Continuing his promised “lecture” on the WPS, the President recalled his bilateral meeting with President Xi Jinping in 2016.
“In that meeting, I said, I want to go to my territory to dig oil because that is ours, President Xi said: ‘Well you know there’s a conflict there.’ [So] rather than go there and have a confrontation, not necessarily the warships, but [the] squabble there could lead to something else.’ So, we just became friends,” Duterte said in his fourth State of the Nation Address.
“He (Xi) said it softly, ‘It can make trouble.’ If the word ‘trouble’ comes out of the mouth of a President of a republic, then what can I do?” he added.
The Chief Executive, who told Filipinos that the WPS is “ours” without “ifs and buts,” said again that he cannot risk a war against the Asian giant, saying he is not ready to leave widows and orphans in the process.

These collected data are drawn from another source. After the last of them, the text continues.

lemma quasi_states_agree:
  fixes \<zeta> \<zeta>' :: "(complex^'n) \<times> (complex^'n^'n) \<Rightarrow> real"
  assumes q: "lie_quasi_state \<zeta>" and nm: "normalized \<zeta>"
    and q': "lie_quasi_state \<zeta>'" and nm': "normalized \<zeta>'"
    and agree: "\<And>x. \<zeta> (x, mat \<i>) = \<zeta>' (x, mat \<i>)"
    and sk: "skew_herm X"
  shows "\<zeta> (a, X) = \<zeta>' (a, X)"
  using sk
proof (induction "DIM(complex^'n) - dim {x::complex^'n. X *v x = 0}" arbitrary: X a
    rule: less_induct)
  case less
  show ?case
  proof (cases "X = 0")
    case True
    then show ?thesis using nm nm' by (simp add: normalized_def)
  next
    case False
    obtain e \<mu> where e: "norm e = 1" and \<mu>: "\<mu> \<noteq> 0"
      and Xe: "X *v e = (\<i> * complex_of_real \<mu>) *s e"
      using skew_herm_eigenvector[OF less.prems False] by blast
    define c where "c = \<i> * complex_of_real \<mu>"
    define P where "P = proj_line e"
    define Y where "Y = X - cscale c P"
    note peel = eigen_peel[OF less.prems e \<mu> Xe[folded c_def] c_def P_def Y_def]
    have split: "\<eta> (a, X) = \<eta> (P *v a, cscale c P) + \<eta> (a - P *v a, Y)"
      if "lie_quasi_state \<eta>" for \<eta>
    proof -
      have "skew_herm (cscale c P)"
        unfolding c_def P_def by (rule skew_herm_imaginary_multiple[OF hermitian_proj_line])
      then have "\<eta> (P *v a + (a - P *v a), cscale c P + Y)
          = \<eta> (P *v a, cscale c P) + \<eta> (a - P *v a, Y)"
        by (rule quasi_state_add[OF that _ peel(1,2,3)])
      then show ?thesis by (simp add: Y_def)
    qed
    have PPa: "P *v (P *v a) = P *v a" unfolding P_def by (rule proj_line_idem[OF e])
    have "\<zeta> (P *v a, cscale c P) = \<zeta>' (P *v a, cscale c P)"
      using quasi_state_rank_one[OF q nm e _ \<mu>] quasi_state_rank_one[OF q' nm' e _ \<mu>] agree PPa
      by (simp add: c_def P_def)
    moreover have "\<zeta> (a - P *v a, Y) = \<zeta>' (a - P *v a, Y)"
    proof (rule less.hyps[OF _ peel(1)])
      have "dim {x::complex^'n. Y *v x = 0} \<le> DIM(complex^'n)" by (rule dim_subset_UNIV)
      then show "DIM(complex^'n) - dim {x. Y *v x = 0} < DIM(complex^'n) - dim {x. X *v x = 0}"
        using peel(4) by linarith
    qed
    ultimately show ?thesis using split[OF q] split[OF q'] by simp
  qed
qed

lemma f_zeta_determines:
  assumes "lie_quasi_state \<zeta>" "normalized \<zeta>" "lie_quasi_state \<zeta>'" "normalized \<zeta>'"
    and f: "f_zeta \<zeta>' = f_zeta \<zeta>" and A: "A \<in> gn"
  shows "\<zeta>' A = \<zeta> A"
proof -
  have "\<zeta>' (x, mat \<i>) = \<zeta> (x, mat \<i>)" for x
    using fun_cong[OF f, of "\<i> *s x"] by (simp add: f_zeta_def vector_smult_assoc)
  moreover obtain a X where "A = (a, X)" and "skew_herm X" using A by (auto simp: gn_def)
  ultimately show ?thesis using quasi_states_agree[of \<zeta>' \<zeta>] assms(1-4) by metis
qed


theorem mainTheorem16:
  fixes \<zeta> :: "(complex^'n) \<times> (complex^'n^'n) \<Rightarrow> real"
  assumes "CARD('n) \<ge> 2"
    and "lie_quasi_state \<zeta>" and "normalized \<zeta>"
  shows "gen_frame_function (f_zeta \<zeta>)
    \<and> (continuous_on gn \<zeta> \<longrightarrow> continuous_on UNIV (f_zeta \<zeta>) \<and> sublinear (f_zeta \<zeta>))
    \<and> (\<forall>\<zeta>'. lie_quasi_state \<zeta>' \<and> normalized \<zeta>' \<and> f_zeta \<zeta>' = f_zeta \<zeta>
            \<longrightarrow> (\<forall>A\<in>gn. \<zeta>' A = \<zeta> A))
    \<and> ((\<forall>w. f_zeta \<zeta> w = 0) \<longrightarrow> (\<forall>A\<in>gn. \<zeta> A = 0))"
proof (intro conjI impI allI ballI)
  show "gen_frame_function (f_zeta \<zeta>)" by (rule f_zeta_frame_function[OF assms(2,3)])
next
  assume "continuous_on gn \<zeta>"
  then show "continuous_on UNIV (f_zeta \<zeta>)" "sublinear (f_zeta \<zeta>)"
    by (simp_all add: f_zeta_continuous f_zeta_sublinear assms(2,3))
next
  fix \<zeta>' :: "(complex^'n) \<times> (complex^'n^'n) \<Rightarrow> real" and A :: "(complex^'n) \<times> (complex^'n^'n)"
  assume "lie_quasi_state \<zeta>' \<and> normalized \<zeta>' \<and> f_zeta \<zeta>' = f_zeta \<zeta>" "A \<in> gn"
  then show "\<zeta>' A = \<zeta> A" using f_zeta_determines assms(2,3) by blast
next
  fix A :: "(complex^'n) \<times> (complex^'n^'n)"
  assume zero: "\<forall>w. f_zeta \<zeta> w = 0" and A: "A \<in> gn"
  have "lie_quasi_state (\<lambda>_. 0)" "normalized (\<lambda>_. 0)" "f_zeta (\<lambda>_. 0) = f_zeta \<zeta>"
    using zero by (simp_all add: lie_quasi_state_def normalized_def f_zeta_def fun_eq_iff)
  then have "(\<lambda>_. 0) A = \<zeta> A" by (rule f_zeta_determines[OF assms(2,3) _ _ _ A])
  then show "\<zeta> A = 0" by simp
qed

end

Duterte also said he cannot send the country’s naval forces to drive the Chinese fishermen away in the WPS, because “no one will come home alive” should they push through.
“If I send my marines to drive away from the Chinese fishermen. I guarantee you, not one of them will come home alive. They will be finished because there are already guided missiles in the island,” he said.
“And the fastest that they have installed there can reach Manila in seven minutes. You want war?” he continued.
He also said that Manila is compelled to perform a “delicate balancing act” with Beijing just to avoid armed conflict and protect the Philippines’ territorial waters and natural resources.
“The avoidance of armed conflict and protection of our territorial waters and natural resources compel us to perform a delicate balancing act,” he said.
“A shooting war is grief and misery multiplier. War leaves widows and orphans in its way. I am not ready or inclined to accept the occurrence of more destruction, more widows, and more orphans should war, even on a limited scale, break out,” he added.
The President said the Philippine government and the Chinese government can settle the issue more effectively through diplomatic negotiations.
“Let me assure you, that national honor and territorial integrity shall be foremost in our mind, and when we may take the next steps in this smoldering controversy over the lines of the arbitral ruling, the West Philippine Sea is ours,” he said.
“There is no ifs and buts. It is ours. But we have been acting, along with that legal truth and line. But we have to temper it with the times and the realities that we face today,” he added.
Senator Richard Gordon said he was disappointed with the President’s pronouncements on the WPS.
“We have to show our backbone… I’m saying it is ours, so we have to enforce it,” Gordon said.
Deploying the Coast Guard to the WPS does not mean the country will go to war, he added.
On the other hand, Senate Majority Leader Miguel Zubiri and Senator Grace Poe said they understand the stance of the President.
All of them, however, said they were pleased with the President’s clear statement about the country’s claim on the WPS.